# PCD - The Dealer Network is Your Oyster



## [email protected] (Feb 18, 2010)

What is one beautiful advantage of taking a PCD? Any dealer in North America can sell you the car, and you can pick it up in BMW Wonderland.

If any of you are having trouble negotiating a deal on your home turf, I'd be happy to cut you a fair deal and send you to PCD to pick it up.

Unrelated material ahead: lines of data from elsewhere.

(* Each prescribed entry costs at most one fair coin;
   the constraint that a 0 follows a 1 makes sure no prescribed entry is impossible. *)
lemma chain_from_matches_lb:
  assumes "reachable_pattern s c"
  shows "measure_pmf.prob (chain_from s len) {xs. matches c xs}
           \<ge> (1/2) ^ card {i. c i \<noteq> None \<and> i < len}"
  using assms
proof (induction len arbitrary: s c)
  case (Suc len)
  define c' where "c' = (\<lambda>i. c (Suc i))"
  define w :: real where "w = (1/2) ^ card {i. c' i \<noteq> None \<and> i < len}"
  define g where "g x = measure_pmf.prob (map_pmf (Cons x) (chain_from x len)) {xs. matches c xs}"
    for x
  have g_nonneg: "0 \<le> g x" for x by (simp add: g_def)
  have g_lb: "w \<le> g x" if "c 0 \<in> {None, Some x}" for x
  proof -
    have "reachable_pattern x c'"
      using Suc.prems that unfolding reachable_pattern_def c'_def
      by (auto split: nat.splits)
    moreover have "g x = measure_pmf.prob (chain_from x len) {xs. matches c' xs}"
      using that by (simp add: g_def vimage_def matches_Cons c'_def)
    ultimately show ?thesis unfolding w_def using Suc.IH by simp
  qed
  have prob: "measure_pmf.prob (chain_from s (Suc len)) {xs. matches c xs} =
      (if s then g True / 2 + g False / 2 else g True)"
    unfolding chain_from_Suc prob_bind_pmf g_def[symmetric] by simp
  have count: "(1/2::real) ^ card {i. c i \<noteq> None \<and> i < Suc len} =
      (if c 0 = None then w else w / 2)"
    unfolding card_constrained_Suc w_def c'_def by simp
  show ?case
  proof (cases s)
    case False
    then have "c 0 \<noteq> Some False"
      using Suc.prems unfolding reachable_pattern_def by (auto dest: spec[of _ 0])
    then have "c 0 \<in> {None, Some True}" by (cases "c 0") auto
    then show ?thesis
      using False g_lb[of True] g_nonneg[of True] unfolding prob count by auto
  next
    case True
    show ?thesis
    proof (cases "c 0")
      case None
      then show ?thesis using True g_lb[of True] g_lb[of False] unfolding prob count by simp
    next
      case (Some b)
      then have "w \<le> g b" using g_lb by simp
      moreover have "g b \<le> g True + g False" using g_nonneg by (cases b) auto
      ultimately show ?thesis using True Some unfolding prob count by simp
    qed
  qed
qed (simp add: matches_def)

lemma chain_pmf_matches_lb:
  assumes "n \<ge> 1" and "reachable_pattern False c"
  shows "measure_pmf.prob (chain_pmf n) {r. matches c r} \<ge> (1/2) ^ card {i. c i \<noteq> None \<and> i < n}"
  using chain_from_matches_lb[OF assms(2)] by (simp add: chain_pmf_eq_chain_from[OF assms(1)])
(* The test patterns for a candidate support T (|T| <= 2k): for j = 0 the row must be 1 on
   all of T; for j in T, j > 0, it must be 1 on T - {j}, 0 at j and 1 at j - 1, so that
   the pattern is reachable.  Position 0 can never be 0, so j = 0 encodes "no zero". *)
definition test_pattern :: "nat set \<Rightarrow> nat \<Rightarrow> nat \<Rightarrow> bool option" where
  "test_pattern T j i =
     (if j \<noteq> 0 \<and> i = j then Some False
      else if i \<in> T \<or> (j \<noteq> 0 \<and> i = j - 1) then Some True else None)"

definition test_patterns :: "nat \<Rightarrow> nat \<Rightarrow> (nat set \<times> nat) set" where
  "test_patterns n k = Sigma {T. T \<subseteq> {..<n} \<and> card T \<le> 2 * k} (\<lambda>T. insert 0 T)"

definition covers_patterns :: "nat \<Rightarrow> nat \<Rightarrow> bool list list \<Rightarrow> bool" where
  "covers_patterns n k A \<longleftrightarrow>
     (\<forall>(T, j) \<in> test_patterns n k. \<exists>r\<in>set A. matches (test_pattern T j) r)"

lemma reachable_test_pattern: "reachable_pattern False (test_pattern T j)"
  by (auto simp: reachable_pattern_def test_pattern_def split: nat.splits)

lemma matched_row_on_support:
  assumes "matches (test_pattern T j) r" and "T \<subseteq> {..<length r}" and "j \<in> insert 0 T"
  shows "{i \<in> T. r ! i} = (if j = 0 then T else T - {j})"
proof -
  have "r ! i \<longleftrightarrow> j = 0 \<or> i \<noteq> j" if "i \<in> T" for i
    using assms that unfolding matches_def test_pattern_def by (auto dest!: spec[of _ i])
  then show ?thesis by auto
qed

lemma zero_of_vanishing_sums:
  fixes d :: "'a \<Rightarrow> 'b :: ab_group_add"
  assumes T: "finite T" and total: "sum d T = 0"
    and omit: "\<And>j. j \<in> T \<Longrightarrow> j \<noteq> a \<Longrightarrow> sum d (T - {j}) = 0"
  shows "\<forall>j\<in>T. d j = 0"
proof -
  have others: "d j = 0" if "j \<in> T" "j \<noteq> a" for j
    using sum.remove[OF T that(1), of d] total omit[OF that] by simp
  moreover have "d a = 0" if "a \<in> T"
    using sum.remove[OF T that, of d] total others by (simp add: sum.neutral)
  ultimately show ?thesis by blast
qed

lemma row_sum_on_support:
  fixes d :: "nat \<Rightarrow> real"
  assumes "T \<subseteq> {..<n}" and "\<And>i. i \<notin> T \<Longrightarrow> d i = 0"
  shows "(\<Sum>j<n. (if r ! j then 1 else 0) * d j) = sum d {i \<in> T. r ! i}"
proof -
  have fin: "finite T" using assms(1) finite_subset by blast
  have "(\<Sum>j<n. (if r ! j then 1 else 0) * d j) = (\<Sum>j\<in>T. (if r ! j then 1 else 0) * d j)"
    using assms by (intro sum.mono_neutral_right) auto
  also have "\<dots> = (\<Sum>j\<in>T. if r ! j then d j else 0)" by (intro sum.cong) auto
  also have "\<dots> = sum d {i \<in> T. r ! i}" using fin by (simp add: sum.inter_filter)
  finally show ?thesis .
qed

(* Deterministic core: covering all test patterns suffices for identifying k-sparse vectors,
   since the difference of two k-sparse vectors is supported on at most 2k positions. *)
lemma identifies_if_covers:
  assumes cover: "covers_patterns n k A" and len: "\<forall>r\<in>set A. length r = n"
  shows "identifies_sparse n k A"
  unfolding identifies_sparse_def
proof (intro allI impI notI)
  fix x1 x2 assume v1: "vec_in n x1" and v2: "vec_in n x2" and s1: "sparse k x1"
    and s2: "sparse k x2" and ne: "x1 \<noteq> x2" and eq: "mat_vec n A x1 = mat_vec n A x2"
  define d where "d j = x1 j - x2 j" for j
  define T where "T = {j. d j \<noteq> 0}"
  have T_sub: "T \<subseteq> {..<n}"
  proof
    fix j assume "j \<in> T"
    then have "x1 j \<noteq> 0 \<or> x2 j \<noteq> 0" by (auto simp: T_def d_def)
    then show "j \<in> {..<n}" using v1 v2 by (auto simp: vec_in_def not_less[symmetric])
  qed
  then have fin: "finite T" by (rule finite_subset) simp
  have "card T \<le> card ({j. x1 j \<noteq> 0} \<union> {j. x2 j \<noteq> 0})"
    using s1 s2 by (intro card_mono) (auto simp: sparse_def T_def d_def)
  also have "\<dots> \<le> 2 * k"
    using card_Un_le[of "{j. x1 j \<noteq> 0}" "{j. x2 j \<noteq> 0}"] s1 s2 by (simp add: sparse_def)
  finally have "card T \<le> 2 * k" .
  then have pattern: "(T, j) \<in> test_patterns n k" if "j \<in> insert 0 T" for j
    using T_sub that by (simp add: test_patterns_def)
  have row_zero: "sum d {i \<in> T. r ! i} = 0" if "r \<in> set A" for r
  proof -
    have "(\<Sum>j<n. (if r ! j then 1 else 0) * x1 j) = (\<Sum>j<n. (if r ! j then 1 else 0) * x2 j)"
      using eq that unfolding mat_vec_def by (simp add: map_eq_conv)
    then have "(\<Sum>j<n. (if r ! j then 1 else 0) * d j) = 0"
      by (simp add: d_def right_diff_distrib sum_subtractf)
    then show ?thesis using row_sum_on_support[OF T_sub, of d r] by (simp add: T_def)
  qed
  have sum_omit: "sum d (if j = 0 then T else T - {j}) = 0" if j: "j \<in> insert 0 T" for j
  proof -
    obtain r where r: "r \<in> set A" "matches (test_pattern T j) r"
      using cover pattern[OF j] unfolding covers_patterns_def by fast
    then have "{i \<in> T. r ! i} = (if j = 0 then T else T - {j})"
      using matched_row_on_support[of T j r] len T_sub j by simp
    then show ?thesis using row_zero[OF r(1)] by simp
  qed
  have "\<forall>j\<in>T. d j = 0"
    using zero_of_vanishing_sums[OF fin, of d 0] sum_omit by (metis insertCI)
  then have "x1 = x2" by (auto simp: fun_eq_iff T_def d_def)
  with ne show False by contradiction
qed
(* Each test pattern prescribes at most 2k + 1 positions, hence is met with probability
   at least 2^-(2k+1). *)
lemma test_pattern_prob:
  assumes n: "n \<ge> 1" and p: "(T, j) \<in> test_patterns n k"
  shows "measure_pmf.prob (chain_pmf n) {r. matches (test_pattern T j) r} \<ge> (1/2) ^ (2 * k + 1)"
proof -
  from p have T: "T \<subseteq> {..<n}" "card T \<le> 2 * k" and j: "j \<in> insert 0 T"
    by (auto simp: test_patterns_def)
  have fin: "finite T" using T(1) finite_subset by blast
  have "{i. test_pattern T j i \<noteq> None \<and> i < n} \<subseteq> insert (j - 1) T"
    using j by (auto simp: test_pattern_def split: if_splits)
  then have "card {i. test_pattern T j i \<noteq> None \<and> i < n} \<le> card (insert (j - 1) T)"
    using fin by (intro card_mono) auto
  also have "\<dots> \<le> 2 * k + 1" using T(2) fin by (simp add: card_insert_if)
  finally have "(1/2::real) ^ (2 * k + 1) \<le> (1/2) ^ card {i. test_pattern T j i \<noteq> None \<and> i < n}"
    by (intro power_decreasing) auto
  also have "\<dots> \<le> measure_pmf.prob (chain_pmf n) {r. matches (test_pattern T j) r}"
    by (rule chain_pmf_matches_lb[OF n reachable_test_pattern])
  finally show ?thesis .
qed

lemma rows_pmf_Suc:
  "rows_pmf (Suc m) n = map_pmf (\<lambda>(r, rs). r # rs) (pair_pmf (chain_pmf n) (rows_pmf m n))"
  by (simp add: pair_pmf_def map_pmf_def bind_assoc_pmf bind_return_pmf)

lemma prob_no_row:
  "measure_pmf.prob (rows_pmf m n) {A. \<forall>r\<in>set A. \<not> P r} =
     measure_pmf.prob (chain_pmf n) {r. \<not> P r} ^ m"
proof (induction m)
  case (Suc m)
  have "(\<lambda>(r, rs). r # rs) -` {A. \<forall>r\<in>set A. \<not> P r} = {r. \<not> P r} \<times> {A. \<forall>r\<in>set A. \<not> P r}"
    by auto
  then have "measure_pmf.prob (rows_pmf (Suc m) n) {A. \<forall>r\<in>set A. \<not> P r} =
      measure_pmf.prob (chain_pmf n) {r. \<not> P r} * measure_pmf.prob (rows_pmf m n) {A. \<forall>r\<in>set A. \<not> P r}"
    unfolding rows_pmf_Suc measure_map_pmf
    by (simp add: measure_pmf_prob_product countableI_type)
  then show ?case using Suc by simp
qed simp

Has anybody else outsourced their negotiations to other states to get a better deal and taken advantage of delivery at the PCD? :thumbup:

(sorry for the shameless plug :bigpimp: )


----------



## innovativeit (Sep 30, 2007)

Yep. I did PCD in December with a car ordered from Colorado Springs, Colorado and I am doing another PCD in April from the same dealer. (I live in Indiana.)


----------



## Lexington (Apr 26, 2008)

Superior Motor Sales, Bahrain


----------



## poleposition (Feb 14, 2005)

What happens when you want to get the car serviced at your local dealer though. Do you still get a loaner?


----------



## innovativeit (Sep 30, 2007)

poleposition said:


> What happens when you want to get the car serviced at your local dealer though. Do you still get a loaner?


My local dealer always offers me a loaner but I like to take a book with me and wait for the service to be completed. I haven't had any service appointments that took more than a couple of hours.


----------



## H2 (Jan 17, 2009)

poleposition said:


> What happens when you want to get the car serviced at your local dealer though. Do you still get a loaner?


You will have to ask your local dealer to find out what their policy is. Not all dealers will give free loaners to people who bought their car elsewhere. I live in Maryland and bought my car from Will Shaw in California. I did PCD and the local dealer I use for service provides free loaners to me.


----------